● Work instruction: Print this span of the material below exactly: the line with "(Qvals D g psi", the line with "spec_norm (accepted_matrix k))))", and every line between them, but nothing else.

☆ ☆ ☆

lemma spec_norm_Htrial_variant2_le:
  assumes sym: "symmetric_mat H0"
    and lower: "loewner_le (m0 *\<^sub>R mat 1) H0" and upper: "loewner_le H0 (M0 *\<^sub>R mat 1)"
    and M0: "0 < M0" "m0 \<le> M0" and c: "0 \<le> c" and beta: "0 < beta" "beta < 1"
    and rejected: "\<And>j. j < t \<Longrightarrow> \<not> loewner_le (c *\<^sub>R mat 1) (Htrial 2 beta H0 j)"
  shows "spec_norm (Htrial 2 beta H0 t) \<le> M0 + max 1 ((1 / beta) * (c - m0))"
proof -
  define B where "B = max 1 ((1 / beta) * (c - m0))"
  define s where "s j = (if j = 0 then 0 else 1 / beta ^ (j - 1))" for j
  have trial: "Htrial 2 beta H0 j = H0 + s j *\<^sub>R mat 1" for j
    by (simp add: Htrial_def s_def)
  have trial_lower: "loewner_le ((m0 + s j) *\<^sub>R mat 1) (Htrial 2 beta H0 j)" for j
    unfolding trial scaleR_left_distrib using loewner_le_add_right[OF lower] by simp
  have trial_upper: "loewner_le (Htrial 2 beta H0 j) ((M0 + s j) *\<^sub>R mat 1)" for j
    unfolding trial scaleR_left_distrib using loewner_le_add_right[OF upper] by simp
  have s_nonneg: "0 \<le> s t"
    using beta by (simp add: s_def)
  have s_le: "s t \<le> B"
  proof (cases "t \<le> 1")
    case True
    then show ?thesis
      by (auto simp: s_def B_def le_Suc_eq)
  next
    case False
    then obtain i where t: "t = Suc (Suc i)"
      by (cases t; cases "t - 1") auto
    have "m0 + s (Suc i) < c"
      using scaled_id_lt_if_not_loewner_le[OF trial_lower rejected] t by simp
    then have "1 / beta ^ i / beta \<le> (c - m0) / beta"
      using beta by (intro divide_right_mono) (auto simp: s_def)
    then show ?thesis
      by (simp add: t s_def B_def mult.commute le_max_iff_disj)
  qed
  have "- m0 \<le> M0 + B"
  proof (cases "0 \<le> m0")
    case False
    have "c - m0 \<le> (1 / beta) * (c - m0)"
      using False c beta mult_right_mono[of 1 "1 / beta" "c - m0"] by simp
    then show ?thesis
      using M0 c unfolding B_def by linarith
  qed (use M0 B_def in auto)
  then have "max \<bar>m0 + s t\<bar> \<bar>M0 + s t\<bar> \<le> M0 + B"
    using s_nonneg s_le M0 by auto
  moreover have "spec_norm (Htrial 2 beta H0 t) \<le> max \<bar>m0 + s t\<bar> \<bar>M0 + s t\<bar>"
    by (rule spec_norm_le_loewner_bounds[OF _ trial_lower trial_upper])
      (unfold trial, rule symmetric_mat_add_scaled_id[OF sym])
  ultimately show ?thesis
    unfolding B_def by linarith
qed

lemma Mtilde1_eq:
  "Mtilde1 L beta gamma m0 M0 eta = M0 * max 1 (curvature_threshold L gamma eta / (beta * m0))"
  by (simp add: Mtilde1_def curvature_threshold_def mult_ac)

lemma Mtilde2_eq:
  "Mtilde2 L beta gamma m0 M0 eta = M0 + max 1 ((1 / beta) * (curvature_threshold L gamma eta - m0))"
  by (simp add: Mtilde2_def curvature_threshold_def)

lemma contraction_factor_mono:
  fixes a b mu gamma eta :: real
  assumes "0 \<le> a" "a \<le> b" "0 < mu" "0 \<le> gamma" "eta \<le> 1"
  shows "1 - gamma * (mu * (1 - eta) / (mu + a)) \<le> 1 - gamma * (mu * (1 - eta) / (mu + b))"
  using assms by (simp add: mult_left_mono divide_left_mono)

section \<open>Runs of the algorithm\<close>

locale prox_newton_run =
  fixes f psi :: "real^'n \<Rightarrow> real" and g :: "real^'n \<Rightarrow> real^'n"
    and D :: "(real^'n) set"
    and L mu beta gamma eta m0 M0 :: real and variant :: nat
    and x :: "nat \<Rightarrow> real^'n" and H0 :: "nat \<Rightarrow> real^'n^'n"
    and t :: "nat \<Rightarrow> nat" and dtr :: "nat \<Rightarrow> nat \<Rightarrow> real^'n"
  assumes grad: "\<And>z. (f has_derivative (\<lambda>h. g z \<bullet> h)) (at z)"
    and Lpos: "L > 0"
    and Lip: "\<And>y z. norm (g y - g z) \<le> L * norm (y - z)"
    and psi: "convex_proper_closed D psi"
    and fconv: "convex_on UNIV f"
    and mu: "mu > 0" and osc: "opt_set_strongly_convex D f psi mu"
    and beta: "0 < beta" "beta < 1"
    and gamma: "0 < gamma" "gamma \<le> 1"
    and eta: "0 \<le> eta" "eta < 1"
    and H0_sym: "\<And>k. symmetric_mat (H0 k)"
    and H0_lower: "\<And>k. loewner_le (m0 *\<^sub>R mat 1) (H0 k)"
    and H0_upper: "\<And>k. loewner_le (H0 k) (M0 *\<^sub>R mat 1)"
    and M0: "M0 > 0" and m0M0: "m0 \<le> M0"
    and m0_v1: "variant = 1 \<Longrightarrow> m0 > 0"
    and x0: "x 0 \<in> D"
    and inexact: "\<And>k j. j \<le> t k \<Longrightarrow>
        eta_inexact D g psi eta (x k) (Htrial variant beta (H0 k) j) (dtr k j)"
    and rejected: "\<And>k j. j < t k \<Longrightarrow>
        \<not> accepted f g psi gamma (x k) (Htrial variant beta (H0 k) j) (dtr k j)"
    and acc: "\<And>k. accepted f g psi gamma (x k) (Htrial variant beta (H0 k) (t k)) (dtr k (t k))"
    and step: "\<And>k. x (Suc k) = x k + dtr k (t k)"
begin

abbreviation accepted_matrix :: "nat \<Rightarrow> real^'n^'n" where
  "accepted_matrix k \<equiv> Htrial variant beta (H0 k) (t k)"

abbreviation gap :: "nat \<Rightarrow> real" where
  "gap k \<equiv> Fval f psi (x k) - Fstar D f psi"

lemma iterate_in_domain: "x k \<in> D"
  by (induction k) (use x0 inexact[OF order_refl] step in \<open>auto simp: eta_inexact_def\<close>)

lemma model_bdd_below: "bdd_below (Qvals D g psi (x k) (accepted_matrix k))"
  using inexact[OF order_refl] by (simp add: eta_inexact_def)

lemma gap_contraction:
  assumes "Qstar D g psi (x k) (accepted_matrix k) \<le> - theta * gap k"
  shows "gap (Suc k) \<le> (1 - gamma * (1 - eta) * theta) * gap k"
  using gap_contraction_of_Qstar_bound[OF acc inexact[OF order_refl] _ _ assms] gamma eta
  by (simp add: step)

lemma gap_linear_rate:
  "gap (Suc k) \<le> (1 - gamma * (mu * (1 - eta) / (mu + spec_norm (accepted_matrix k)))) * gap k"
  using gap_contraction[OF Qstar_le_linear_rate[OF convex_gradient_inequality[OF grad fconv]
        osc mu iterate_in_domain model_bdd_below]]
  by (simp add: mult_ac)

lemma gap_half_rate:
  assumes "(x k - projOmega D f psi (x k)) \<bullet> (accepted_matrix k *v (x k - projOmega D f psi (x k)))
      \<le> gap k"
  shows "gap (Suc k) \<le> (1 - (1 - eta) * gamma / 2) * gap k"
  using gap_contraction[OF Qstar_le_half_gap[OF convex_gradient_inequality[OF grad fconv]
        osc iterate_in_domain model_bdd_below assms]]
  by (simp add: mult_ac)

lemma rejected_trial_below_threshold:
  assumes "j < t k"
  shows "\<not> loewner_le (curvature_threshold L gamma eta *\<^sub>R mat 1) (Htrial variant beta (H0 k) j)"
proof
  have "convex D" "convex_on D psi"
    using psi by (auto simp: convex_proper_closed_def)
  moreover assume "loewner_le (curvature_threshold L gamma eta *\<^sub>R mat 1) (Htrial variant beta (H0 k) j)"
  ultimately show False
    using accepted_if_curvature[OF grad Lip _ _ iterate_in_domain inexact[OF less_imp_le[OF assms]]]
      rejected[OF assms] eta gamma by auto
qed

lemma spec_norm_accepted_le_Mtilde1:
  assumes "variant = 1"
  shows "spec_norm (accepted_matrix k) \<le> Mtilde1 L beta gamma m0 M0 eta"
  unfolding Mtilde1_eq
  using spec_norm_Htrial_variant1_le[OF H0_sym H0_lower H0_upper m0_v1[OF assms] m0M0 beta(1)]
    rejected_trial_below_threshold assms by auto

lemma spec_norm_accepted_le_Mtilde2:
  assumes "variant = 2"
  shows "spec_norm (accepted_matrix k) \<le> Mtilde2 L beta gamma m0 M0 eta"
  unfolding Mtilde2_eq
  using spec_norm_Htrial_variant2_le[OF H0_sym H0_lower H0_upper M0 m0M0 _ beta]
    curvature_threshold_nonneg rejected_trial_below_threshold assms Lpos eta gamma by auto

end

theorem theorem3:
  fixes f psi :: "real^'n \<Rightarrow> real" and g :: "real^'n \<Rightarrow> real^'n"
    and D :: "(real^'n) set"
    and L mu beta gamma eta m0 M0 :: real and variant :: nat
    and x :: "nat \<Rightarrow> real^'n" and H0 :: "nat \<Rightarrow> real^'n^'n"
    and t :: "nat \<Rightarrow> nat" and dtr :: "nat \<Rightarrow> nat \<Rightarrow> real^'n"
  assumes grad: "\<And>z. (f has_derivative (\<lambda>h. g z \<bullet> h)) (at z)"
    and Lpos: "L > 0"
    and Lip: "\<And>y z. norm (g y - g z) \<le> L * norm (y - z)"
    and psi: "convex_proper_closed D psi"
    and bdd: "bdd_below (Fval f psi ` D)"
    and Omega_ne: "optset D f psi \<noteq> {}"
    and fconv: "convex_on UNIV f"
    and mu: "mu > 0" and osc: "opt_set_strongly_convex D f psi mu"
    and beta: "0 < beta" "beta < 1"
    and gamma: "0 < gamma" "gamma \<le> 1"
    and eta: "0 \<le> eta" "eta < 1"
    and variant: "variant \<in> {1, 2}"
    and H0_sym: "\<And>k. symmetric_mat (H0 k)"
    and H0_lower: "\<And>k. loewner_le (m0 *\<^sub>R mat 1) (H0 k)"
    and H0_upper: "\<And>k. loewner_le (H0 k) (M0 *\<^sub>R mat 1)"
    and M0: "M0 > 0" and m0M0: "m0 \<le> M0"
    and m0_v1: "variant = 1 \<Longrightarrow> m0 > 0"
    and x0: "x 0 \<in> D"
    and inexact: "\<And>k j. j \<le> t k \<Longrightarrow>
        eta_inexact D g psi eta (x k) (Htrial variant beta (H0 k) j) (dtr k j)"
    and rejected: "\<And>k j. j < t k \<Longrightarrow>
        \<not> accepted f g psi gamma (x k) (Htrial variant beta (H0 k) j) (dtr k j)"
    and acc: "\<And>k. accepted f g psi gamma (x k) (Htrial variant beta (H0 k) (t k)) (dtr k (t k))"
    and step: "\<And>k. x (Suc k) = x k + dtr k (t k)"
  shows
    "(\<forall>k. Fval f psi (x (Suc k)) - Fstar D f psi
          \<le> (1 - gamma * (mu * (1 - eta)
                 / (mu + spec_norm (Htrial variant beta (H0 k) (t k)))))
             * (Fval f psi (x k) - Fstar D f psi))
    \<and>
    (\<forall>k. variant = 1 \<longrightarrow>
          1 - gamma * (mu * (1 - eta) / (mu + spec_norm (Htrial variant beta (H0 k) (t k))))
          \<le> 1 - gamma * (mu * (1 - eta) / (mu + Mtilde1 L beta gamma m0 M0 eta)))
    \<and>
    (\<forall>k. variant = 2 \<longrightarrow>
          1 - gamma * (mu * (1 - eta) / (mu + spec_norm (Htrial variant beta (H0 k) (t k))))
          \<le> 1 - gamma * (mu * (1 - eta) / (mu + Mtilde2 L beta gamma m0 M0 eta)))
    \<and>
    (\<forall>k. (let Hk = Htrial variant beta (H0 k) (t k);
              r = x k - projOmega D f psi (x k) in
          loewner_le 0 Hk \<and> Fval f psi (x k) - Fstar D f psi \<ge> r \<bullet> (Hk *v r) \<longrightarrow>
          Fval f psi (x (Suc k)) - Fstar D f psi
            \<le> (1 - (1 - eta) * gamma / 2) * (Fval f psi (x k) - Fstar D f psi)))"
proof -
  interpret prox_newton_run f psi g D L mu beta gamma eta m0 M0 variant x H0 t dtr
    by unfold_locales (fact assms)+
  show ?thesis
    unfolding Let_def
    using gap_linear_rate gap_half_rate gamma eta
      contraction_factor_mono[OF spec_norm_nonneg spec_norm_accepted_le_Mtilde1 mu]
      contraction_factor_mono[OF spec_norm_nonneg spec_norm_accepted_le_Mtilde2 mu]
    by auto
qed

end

☆ ☆ ☆

● Answer box:
lemma model_bdd_below: "bdd_below (Qvals D g psi (x k) (accepted_matrix k))"
  using inexact[OF order_refl] by (simp add: eta_inexact_def)

lemma gap_contraction:
  assumes "Qstar D g psi (x k) (accepted_matrix k) \<le> - theta * gap k"
  shows "gap (Suc k) \<le> (1 - gamma * (1 - eta) * theta) * gap k"
  using gap_contraction_of_Qstar_bound[OF acc inexact[OF order_refl] _ _ assms] gamma eta
  by (simp add: step)

lemma gap_linear_rate:
  "gap (Suc k) \<le> (1 - gamma * (mu * (1 - eta) / (mu + spec_norm (accepted_matrix k)))) * gap k"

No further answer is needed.